- **WORK TO BE COMPLETED**
Within the data below, copy each line where the string "this" is found.

- **Records from a dataset**
# # # # #

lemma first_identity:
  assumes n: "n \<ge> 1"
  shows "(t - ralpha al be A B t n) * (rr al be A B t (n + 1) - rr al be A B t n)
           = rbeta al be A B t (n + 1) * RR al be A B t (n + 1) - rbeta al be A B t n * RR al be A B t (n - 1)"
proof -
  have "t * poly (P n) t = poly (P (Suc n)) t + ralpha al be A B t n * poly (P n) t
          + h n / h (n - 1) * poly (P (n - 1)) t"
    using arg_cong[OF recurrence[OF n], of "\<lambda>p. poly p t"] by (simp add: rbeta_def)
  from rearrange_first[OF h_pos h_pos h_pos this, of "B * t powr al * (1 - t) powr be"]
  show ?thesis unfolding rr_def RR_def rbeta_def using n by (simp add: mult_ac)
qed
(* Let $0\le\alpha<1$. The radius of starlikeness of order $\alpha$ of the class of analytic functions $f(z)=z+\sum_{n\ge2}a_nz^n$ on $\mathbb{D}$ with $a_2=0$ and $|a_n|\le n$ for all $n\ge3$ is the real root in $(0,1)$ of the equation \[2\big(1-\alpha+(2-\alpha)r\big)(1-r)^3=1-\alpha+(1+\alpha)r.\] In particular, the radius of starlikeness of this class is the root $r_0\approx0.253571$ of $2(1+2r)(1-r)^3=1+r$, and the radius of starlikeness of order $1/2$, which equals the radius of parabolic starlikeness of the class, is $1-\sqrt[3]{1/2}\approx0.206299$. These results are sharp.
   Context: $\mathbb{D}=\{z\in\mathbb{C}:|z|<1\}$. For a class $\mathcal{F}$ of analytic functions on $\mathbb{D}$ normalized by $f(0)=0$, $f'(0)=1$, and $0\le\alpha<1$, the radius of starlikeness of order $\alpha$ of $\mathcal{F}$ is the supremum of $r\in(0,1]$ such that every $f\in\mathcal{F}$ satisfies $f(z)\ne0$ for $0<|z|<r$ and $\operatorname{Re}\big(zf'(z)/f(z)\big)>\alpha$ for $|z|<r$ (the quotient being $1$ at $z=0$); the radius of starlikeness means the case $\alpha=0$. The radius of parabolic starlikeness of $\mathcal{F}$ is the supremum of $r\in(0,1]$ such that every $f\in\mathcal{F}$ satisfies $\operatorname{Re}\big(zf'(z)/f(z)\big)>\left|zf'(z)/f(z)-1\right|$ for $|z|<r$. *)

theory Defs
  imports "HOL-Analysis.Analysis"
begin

# # # # #

- **PROBLEM SOLUTION**
  from rearrange_first[OF h_pos h_pos h_pos this, of "B * t powr al * (1 - t) powr be"]
(* Let $0\le\alpha<1$. The radius of starlikeness of order $\alpha$ of the class of analytic functions $f(z)=z+\sum_{n\ge2}a_nz^n$ on $\mathbb{D}$ with $a_2=0$ and $|a_n|\le n$ for all $n\ge3$ is the real root in $(0,1)$ of the equation \[2\big(1-\alpha+(2-\alpha)r\big)(1-r)^3=1-\alpha+(1+\alpha)r.\] In particular, the radius of starlikeness of this class is the root $r_0\approx0.253571$ of $2(1+2r)(1-r)^3=1+r$, and the radius of starlikeness of order $1/2$, which equals the radius of parabolic starlikeness of the class, is $1-\sqrt[3]{1/2}\approx0.206299$. These results are sharp.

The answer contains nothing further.